◇進化を続けるナイン
 昨夏の新チーム編成後、監督、中富力(41)はまず、ナインに全国レベルを知ってもらうことから始めた。その一つが遠征だ。夏休みの練習試合でさっそく力の差を思い知らされる。
 チームは昨夏のレギュラー5人が残る。練習試合でほぼ負けなし。2枚看板の高橋貴洋、三上慎司が先発すれば、そのほとんどで大差で勝利した。
 ところが――。8月11日の神港学園(兵庫)との練習試合。同学園のエース、林健太は昨春のセンバツで南陽工(周南市)を完封している。練習試合では林のほか、2番手投手もマウンドに上がらず、3番手投手。「序盤から引きずり降ろし、林君と対戦したい」。ナインの多くはそんな思いでバッターボックスに入った。が、結局打ち崩せず、逆にエース高橋が打ち込まれ1―5で完敗。三上が先発した2試合目も及ばなかった。
 試合後、高橋と三上、捕手の原田直輝は同学園監督、北原光広に呼ばれた。制球力の重要さなどをアドバイスされ「追い込んでからの決め球よりコントロールの重要性を学んだ」と高橋。このときの屈辱はナインにとって相当な刺激になった。

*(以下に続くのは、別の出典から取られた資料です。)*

(* Let $x_n=2^{-n}$ for $n\in\mathbb N$, and let $(y_n)$ be a sequence of real numbers such that $\sum_n y_n$ is absolutely convergent and $y_n\neq\sum_{i>n}y_i$ for every $n\in\mathbb N$. Then every point of the achievement set $E(x_n,y_n)\subset\mathbb R^2$ has a unique representation, and $E(x_n,y_n)$ is a Cantor set.
   Context: For an absolutely convergent series $\sum_n v_n$ in $\mathbb R^d$, its achievement set is $E(v)=\{\sum_{n=1}^\infty \varepsilon_n v_n : (\varepsilon_n)\in\{0,1\}^{\mathbb N}\}$; $E(x_n,y_n)$ denotes the achievement set of $((x_n,y_n))_n$ in $\mathbb R^2$. A point $a$ has a unique representation if there is exactly one set $A\subset\mathbb N$ with $a=\sum_{i\in A}(x_i,y_i)$. A Cantor set is a nonempty, totally disconnected, perfect, compact subset of $\mathbb R^n$. *)

theory Defs
  imports "HOL-Analysis.Analysis"
begin

text \<open>Sequences are indexed from 0 here; index n corresponds to the paper's index n+1.\<close>

definition subsum :: "(nat \<Rightarrow> 'a::real_normed_vector) \<Rightarrow> nat set \<Rightarrow> 'a" where
  "subsum v A = (\<Sum>n. (if n \<in> A then v n else 0))"

definition achievement_set :: "(nat \<Rightarrow> 'a::real_normed_vector) \<Rightarrow> 'a set" where
  "achievement_set v = {subsum v A | A. True}"

definition unique_representation :: "(nat \<Rightarrow> 'a::real_normed_vector) \<Rightarrow> 'a \<Rightarrow> bool" where
  "unique_representation v a \<longleftrightarrow> (\<exists>!A. a = subsum v A)"

definition totally_disconnected :: "'a::topological_space set \<Rightarrow> bool" where
  "totally_disconnected S \<longleftrightarrow> (\<forall>C. C \<subseteq> S \<and> connected C \<longrightarrow> (\<exists>x. C \<subseteq> {x}))"

definition perfect_set :: "'a::topological_space set \<Rightarrow> bool" where
  "perfect_set S \<longleftrightarrow> closed S \<and> (\<forall>x\<in>S. x islimpt S)"

definition cantor_set :: "'a::topological_space set \<Rightarrow> bool" where
  "cantor_set S \<longleftrightarrow> S \<noteq> {} \<and> totally_disconnected S \<and> perfect_set S \<and> compact S"

end

theory Submission
  imports Defs
begin

text \<open>
  Subsets of \<open>\<nat>\<close> correspond to 0-1 digit sequences \<open>e\<close>, and the achievement set is the image
  of the compact, totally disconnected set \<open>{0,1}\<^sup>\<nat>\<close> under the continuous map
  \<open>e \<mapsto> \<Sum> e\<^sub>n v\<^sub>n\<close>. If this map is injective it is a homeomorphism onto its image, which is
  therefore compact and totally disconnected, and it is perfect because flipping the \<open>k\<close>-th digit
  moves a point by \<open>\<plusminus>v\<^sub>k \<longrightarrow> 0\<close>.

  Injectivity for \<open>v\<^sub>n = (2\<^sup>-\<^sup>n\<^sup>-\<^sup>1, y\<^sub>n)\<close>: two digit sequences with the same sum differ by a sequence
  \<open>d\<close> with values in \<open>{-1,0,1}\<close> and \<open>\<Sum> d\<^sub>n v\<^sub>n = 0\<close>. If \<open>d\<close> has a first nonzero entry
  \<open>d\<^sub>n = 1\<close>, then, because \<open>2\<^sup>-\<^sup>n\<^sup>-\<^sup>1\<close> equals the sum of all later weights, the first coordinate forces
  \<open>d\<^sub>i = -1\<close> for all \<open>i > n\<close>, and then the second coordinate reads
  \<open>y\<^sub>n = \<Sum>\<^sub>i\<^sub>>\<^sub>n y\<^sub>i\<close>, which is excluded.
\<close>

definition binary_digits :: "(nat \<Rightarrow> real) set" where
  "binary_digits = PiE UNIV (\<lambda>_. {0, 1})"

lemma mem_binary_digits: "e \<in> binary_digits \<longleftrightarrow> (\<forall>n. e n \<in> {0, 1})"
  by (simp add: binary_digits_def PiE_iff)

lemma binary_digitD: "e \<in> binary_digits \<Longrightarrow> e n = 0 \<or> e n = 1"
  by (simp add: mem_binary_digits)

lemma compact_binary_digits: "compact binary_digits"
proof -
  have "compactin (product_topology (\<lambda>_. euclidean) UNIV) (PiE UNIV (\<lambda>_::nat. {0, 1::real}))"
    by (subst compactin_PiE) auto
  then show ?thesis
    unfolding binary_digits_def euclidean_product_topology by simp
qed

lemma totally_disconnected_binary_digits: "totally_disconnected binary_digits"
  unfolding totally_disconnected_def
proof (intro allI impI)
  fix C assume C: "C \<subseteq> binary_digits \<and> connected C"
  have same: "e = e'" if "e \<in> C" "e' \<in> C" for e e'
  proof
    fix i
    have "(\<lambda>z. z i) ` C \<subseteq> {0, 1}"
    proof (rule image_subsetI)
      fix z assume "z \<in> C"
      with C have "z \<in> binary_digits"
        by blast
      then show "z i \<in> {0, 1}"
        by (simp add: mem_binary_digits)
    qed
    then have "finite ((\<lambda>z. z i) ` C)"
      by (rule finite_subset) simp
    moreover have "connected ((\<lambda>z. z i) ` C)"
      using C by (intro connected_continuous_image continuous_on_subset[OF continuous_on_product_coordinates]) auto
    ultimately obtain a where "(\<lambda>z. z i) ` C \<subseteq> {a}"
      using connected_finite_iff_sing by (metis empty_subsetI subset_refl)
    then have "e i = a" and "e' i = a"
      using that by auto
    then show "e i = e' i"
      by simp
  qed
  show "\<exists>x. C \<subseteq> {x}"
  proof (cases "C = {}")
    case False
    then obtain c where "c \<in> C"
      by blast
    have "C \<subseteq> {c}"
    proof
      fix x assume "x \<in> C"
      then show "x \<in> {c}"
        using same \<open>c \<in> C\<close> by simp
    qed
    then show ?thesis
      by blast
  qed simp
qed

lemma totally_disconnected_continuous_injective_image:
  fixes f :: "'a::topological_space \<Rightarrow> 'b::t2_space"
  assumes "compact K" "continuous_on K f" "inj_on f K" "totally_disconnected K"
  shows "totally_disconnected (f ` K)"
  unfolding totally_disconnected_def
proof (intro allI impI)
  fix C assume C: "C \<subseteq> f ` K \<and> connected C"
  define g where "g = inv_into K f"
  have "continuous_on (f ` K) g"
    unfolding g_def using assms(1-3) by (intro continuous_on_inv) auto
  then have "connected (g ` C)"
    using C by (intro connected_continuous_image) (auto intro: continuous_on_subset)
  moreover have "g ` C \<subseteq> K"
    using C unfolding g_def by (auto intro: inv_into_into)
  ultimately obtain x where "g ` C \<subseteq> {x}"
    using assms(4) unfolding totally_disconnected_def by blast
  moreover have "f ` g ` C = C"
    using C unfolding g_def by (intro image_inv_into_cancel) auto
  ultimately have "C \<subseteq> {f x}"
    by (metis image_empty image_insert image_mono)
  then show "\<exists>x. C \<subseteq> {x}" ..
qed

definition digit_sum :: "(nat \<Rightarrow> 'a::real_normed_vector) \<Rightarrow> (nat \<Rightarrow> real) \<Rightarrow> 'a" where
  "digit_sum v e = (\<Sum>n. e n *\<^sub>R v n)"

lemma subsum_eq_digit_sum: "subsum v A = digit_sum v (indicator A)"
  unfolding subsum_def digit_sum_def by (intro suminf_cong) (simp add: indicator_def)

lemma indicator_in_binary_digits: "indicator A \<in> binary_digits"
  by (simp add: mem_binary_digits indicator_def)

lemma range_indicator_eq_binary_digits: "range indicator = binary_digits"
proof
  show "binary_digits \<subseteq> range indicator"
  proof
    fix e assume e: "e \<in> binary_digits"
    have "e = indicator {n. e n = 1}"
    proof
      fix n
      show "e n = indicator {n. e n = 1} n"
        using binary_digitD[OF e, of n] by auto
    qed
    then show "e \<in> range indicator"
      by (rule range_eqI)
  qed
qed (use indicator_in_binary_digits in blast)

 以来、ナインは常に全国レベルを念頭に練習メニューをこなすようになった。いっぷう変わった柔軟運動など遠征先で印象に残った練習法はどんどん取り入れた。練習メニュー表には「東福岡」など強豪校の名がいくつも並ぶ。
 9月以降、練習試合と秋季大会で12連勝し、中国大会ではベスト4進出。準決勝で広陵(広島)と対戦したが、4点を追う苦しい展開ながら九回に三上の本塁打で2点差に迫るなどの粘りを見せた。安打数では広陵を上回った。
 試合後、中富は「強豪と互角の試合ができ自信になった」とナインをねぎらった。センバツ出場を決めた26日、主将の国本鐘悟は「広陵ともう1回やりたい。今、全力で向かえば通用する」と胸を張った。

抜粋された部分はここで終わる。